Provided information:
lemma periodic_in_representative_orbit:
  assumes y: "periodic y" "y \<in> {1..n}"
  shows "\<exists>c\<in>cycle_representatives. y \<in> orbit f c"
proof -
  define c where "c = Min (orbit f y)"
  have fin: "finite (orbit f y)"
    using y(1) unfolding periodic_def by (rule finite_orbit)
  then have "c \<in> orbit f y"
    unfolding c_def using orbit_nonempty by (rule Min_in)
  then have orbit_c: "orbit f c = orbit f y"
    using y(1) unfolding periodic_def by (intro orbit_eq_orbit_of_periodic)
  have "periodic c"
    using y(1) \<open>c \<in> orbit f y\<close> by (rule periodic_in_orbit)
  moreover have "c \<in> {1..n}"
    using \<open>c \<in> orbit f y\<close> orbit_in_range[OF y(2)] by blast
  moreover have "\<forall>z\<in>orbit f c. c \<le> z"
    using fin unfolding orbit_c by (simp add: c_def)
  moreover have "y \<in> orbit f c"
    using y(1) unfolding orbit_c periodic_def .
  ultimately show ?thesis
    unfolding cycle_representatives_def by (intro bexI[of _ c]) simp_all
qed

lemma renders_all: "\<exists>cs. renders cs {1..n}"
proof -
  let ?A = "\<lambda>c. \<Union>y\<in>orbit f c. branch y"
  let ?R = "cycle_representatives"
  have reps: "c \<in> {1..n}" "periodic c" if "c \<in> ?R" for c
    using that unfolding cycle_representatives_def by blast+
  have "finite ?R"
    using reps by (meson finite_atLeastAtMost finite_subset subsetI)
  then have set_R: "set (sorted_list_of_set ?R) = ?R"
    by simp
  have disjoint: "?A c \<inter> ?A d = {}" if "c \<in> ?R" "d \<in> ?R" "c \<noteq> d" for c d
  proof -
    have "branch y \<inter> branch z = {}" if "y \<in> orbit f c" "z \<in> orbit f d" for y z
    proof (rule periodic_branches_disjoint)
      show "periodic y" "periodic z"
        using that reps \<open>c \<in> ?R\<close> \<open>d \<in> ?R\<close> periodic_in_orbit by blast+
      show "y \<noteq> z"
        using that representative_orbits_disjoint[OF \<open>c \<in> ?R\<close> \<open>d \<in> ?R\<close> \<open>c \<noteq> d\<close>] by blast
    qed
    then show ?thesis by blast
  qed
  have "renders (concat (map component (sorted_list_of_set ?R))) (\<Union>c\<in>?R. ?A c)"
    using renders_concat[of "sorted_list_of_set ?R" component ?A]
    unfolding set_R using disjoint reps renders_component by simp
  moreover have "(\<Union>c\<in>?R. ?A c) = {1..n}"
  proof
    show "(\<Union>c\<in>?R. ?A c) \<subseteq> {1..n}"
      using branch_in_range by blast
    show "{1..n} \<subseteq> (\<Union>c\<in>?R. ?A c)"
    proof
      fix x assume "x \<in> {1..n}"
      then obtain y where y: "periodic y" "x \<in> branch y"
        using exists_periodic_branch by blast
      then obtain c where "c \<in> ?R" "y \<in> orbit f c"
        using periodic_in_representative_orbit in_range_if_branch_nonempty by blast
      with y show "x \<in> (\<Union>c\<in>?R. ?A c)" by blast
    qed
  qed
  ultimately show ?thesis by metis
qed
(* Let $m\in\mathbb R$ satisfy $D^-M(m)\le0\le D^+M(m)$ and assume the boundedness condition (B) holds with functions $a,b$ whose one-sided limits $a(0+),a(0-),b(0+),b(0-)$ exist and are finite. Assume further there are constants $c>0$, $\delta>0$ with $$|D^+M(m+x)|\ge c\,|x|\qquad\forall x\in[-\delta,\delta].$$ Then for every $\gamma<1/2$ and every $r>0$, $$\sum_{n=1}^\infty n^{r-1}\,\mathbb P\Big(n^\gamma\sup_{k\ge n}|\hat m_k-m|>\epsilon\Big)<\infty\qquad\forall\epsilon>0,$$ i.e. $\sup_{k\ge n}|\hat m_k-m|=o(n^{-\gamma})$ $\mathbb P$-$r$-completely.
   Context: Let $(S,\mathcal S,Q)$ be a probability space and $h:S\times\mathbb R\to\mathbb R$ such that $h(\cdot,t)$ is $\mathcal S$-measurable for every $t\in\mathbb R$ and $h(x,\cdot)$ is convex for every $x\in S$. For $f:\mathbb R\to\mathbb R$ convex, $D^+f$ and $D^-f$ denote its right and left derivatives; $D^\pm h(x,t)$ denotes the one-sided derivatives of $h(x,\cdot)$ at $t$. Assume $\int_S|D^+h(x,t)|\,Q(dx)<\infty$ and $\int_S|D^-h(x,t)|\,Q(dx)<\infty$ for all $t\in\mathbb R$. Fix $t_0\in\mathbb R$ and set $M(t):=\int_S (h(x,t)-h(x,t_0))\,Q(dx)$; $M$ is real-valued and convex with $D^\pm M(t)=\int_S D^\pm h(x,t)\,Q(dx)$. Let $X_1,X_2,\dots$ be i.i.d. $S$-valued random variables on a probability space $(\Omega,\mathcal A,\mathbb P)$ with common law $Q$, let $M_n(t):=\frac1n\sum_{i=1}^n (h(X_i,t)-h(X_i,t_0))$, and let $\hat m_n$ be the smallest minimizing point of $M_n$ (assumed to exist; it is a random variable). Boundedness condition (B): for every $x\neq 0$ there are reals $a(x)<b(x)$ with $a(x)\le D^+h(X_1,m+x)\le b(x)$ almost surely. *)

theory Defs
  imports "HOL-Probability.Probability"
begin

definition rderiv :: "(real \<Rightarrow> real) \<Rightarrow> real \<Rightarrow> real" where
  "rderiv f t = Lim (at_right 0) (\<lambda>s. (f (t + s) - f t) / s)"

definition lderiv :: "(real \<Rightarrow> real) \<Rightarrow> real \<Rightarrow> real" where
  "lderiv f t = Lim (at_left 0) (\<lambda>s. (f (t + s) - f t) / s)"

end

theory Submission
  imports Defs "HOL-Real_Asymp.Real_Asymp"
begin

Exercise:
Print each entry above word for word, leaving none out.

Output below:
lemma periodic_in_representative_orbit:
  assumes y: "periodic y" "y \<in> {1..n}"
  shows "\<exists>c\<in>cycle_representatives. y \<in> orbit f c"
proof -
  define c where "c = Min (orbit f y)"
  have fin: "finite (orbit f y)"
    using y(1) unfolding periodic_def by (rule finite_orbit)
  then have "c \<in> orbit f y"
    unfolding c_def using orbit_nonempty by (rule Min_in)
  then have orbit_c: "orbit f c = orbit f y"
    using y(1) unfolding periodic_def by (intro orbit_eq_orbit_of_periodic)
  have "periodic c"
    using y(1) \<open>c \<in> orbit f y\<close> by (rule periodic_in_orbit)
  moreover have "c \<in> {1..n}"
    using \<open>c \<in> orbit f y\<close> orbit_in_range[OF y(2)] by blast
  moreover have "\<forall>z\<in>orbit f c. c \<le> z"
    using fin unfolding orbit_c by (simp add: c_def)
  moreover have "y \<in> orbit f c"
    using y(1) unfolding orbit_c periodic_def .
  ultimately show ?thesis
    unfolding cycle_representatives_def by (intro bexI[of _ c]) simp_all
qed

lemma renders_all: "\<exists>cs. renders cs {1..n}"
proof -
  let ?A = "\<lambda>c. \<Union>y\<in>orbit f c. branch y"
  let ?R = "cycle_representatives"
  have reps: "c \<in> {1..n}" "periodic c" if "c \<in> ?R" for c
    using that unfolding cycle_representatives_def by blast+
  have "finite ?R"
    using reps by (meson finite_atLeastAtMost finite_subset subsetI)
  then have set_R: "set (sorted_list_of_set ?R) = ?R"
    by simp
  have disjoint: "?A c \<inter> ?A d = {}" if "c \<in> ?R" "d \<in> ?R" "c \<noteq> d" for c d
  proof -
    have "branch y \<inter> branch z = {}" if "y \<in> orbit f c" "z \<in> orbit f d" for y z
    proof (rule periodic_branches_disjoint)
      show "periodic y" "periodic z"
        using that reps \<open>c \<in> ?R\<close> \<open>d \<in> ?R\<close> periodic_in_orbit by blast+
      show "y \<noteq> z"
        using that representative_orbits_disjoint[OF \<open>c \<in> ?R\<close> \<open>d \<in> ?R\<close> \<open>c \<noteq> d\<close>] by blast
    qed
    then show ?thesis by blast
  qed
  have "renders (concat (map component (sorted_list_of_set ?R))) (\<Union>c\<in>?R. ?A c)"
    using renders_concat[of "sorted_list_of_set ?R" component ?A]
    unfolding set_R using disjoint reps renders_component by simp
  moreover have "(\<Union>c\<in>?R. ?A c) = {1..n}"
  proof
    show "(\<Union>c\<in>?R. ?A c) \<subseteq> {1..n}"
      using branch_in_range by blast
    show "{1..n} \<subseteq> (\<Union>c\<in>?R. ?A c)"
    proof
      fix x assume "x \<in> {1..n}"
      then obtain y where y: "periodic y" "x \<in> branch y"
        using exists_periodic_branch by blast
      then obtain c where "c \<in> ?R" "y \<in> orbit f c"
        using periodic_in_representative_orbit in_range_if_branch_nonempty by blast
      with y show "x \<in> (\<Union>c\<in>?R. ?A c)" by blast
    qed
  qed
  ultimately show ?thesis by metis
qed
(* Let $m\in\mathbb R$ satisfy $D^-M(m)\le0\le D^+M(m)$ and assume the boundedness condition (B) holds with functions $a,b$ whose one-sided limits $a(0+),a(0-),b(0+),b(0-)$ exist and are finite. Assume further there are constants $c>0$, $\delta>0$ with $$|D^+M(m+x)|\ge c\,|x|\qquad\forall x\in[-\delta,\delta].$$ Then for every $\gamma<1/2$ and every $r>0$, $$\sum_{n=1}^\infty n^{r-1}\,\mathbb P\Big(n^\gamma\sup_{k\ge n}|\hat m_k-m|>\epsilon\Big)<\infty\qquad\forall\epsilon>0,$$ i.e. $\sup_{k\ge n}|\hat m_k-m|=o(n^{-\gamma})$ $\mathbb P$-$r$-completely.
   Context: Let $(S,\mathcal S,Q)$ be a probability space and $h:S\times\mathbb R\to\mathbb R$ such that $h(\cdot,t)$ is $\mathcal S$-measurable for every $t\in\mathbb R$ and $h(x,\cdot)$ is convex for every $x\in S$. For $f:\mathbb R\to\mathbb R$ convex, $D^+f$ and $D^-f$ denote its right and left derivatives; $D^\pm h(x,t)$ denotes the one-sided derivatives of $h(x,\cdot)$ at $t$. Assume $\int_S|D^+h(x,t)|\,Q(dx)<\infty$ and $\int_S|D^-h(x,t)|\,Q(dx)<\infty$ for all $t\in\mathbb R$. Fix $t_0\in\mathbb R$ and set $M(t):=\int_S (h(x,t)-h(x,t_0))\,Q(dx)$; $M$ is real-valued and convex with $D^\pm M(t)=\int_S D^\pm h(x,t)\,Q(dx)$. Let $X_1,X_2,\dots$ be i.i.d. $S$-valued random variables on a probability space $(\Omega,\mathcal A,\mathbb P)$ with common law $Q$, let $M_n(t):=\frac1n\sum_{i=1}^n (h(X_i,t)-h(X_i,t_0))$, and let $\hat m_n$ be the smallest minimizing point of $M_n$ (assumed to exist; it is a random variable). Boundedness condition (B): for every $x\neq 0$ there are reals $a(x)<b(x)$ with $a(x)\le D^+h(X_1,m+x)\le b(x)$ almost surely. *)

theory Defs
  imports "HOL-Probability.Probability"
begin

definition rderiv :: "(real \<Rightarrow> real) \<Rightarrow> real \<Rightarrow> real" where
  "rderiv f t = Lim (at_right 0) (\<lambda>s. (f (t + s) - f t) / s)"

definition lderiv :: "(real \<Rightarrow> real) \<Rightarrow> real \<Rightarrow> real" where
  "lderiv f t = Lim (at_left 0) (\<lambda>s. (f (t + s) - f t) / s)"

end

theory Submission
  imports Defs "HOL-Real_Asymp.Real_Asymp"
begin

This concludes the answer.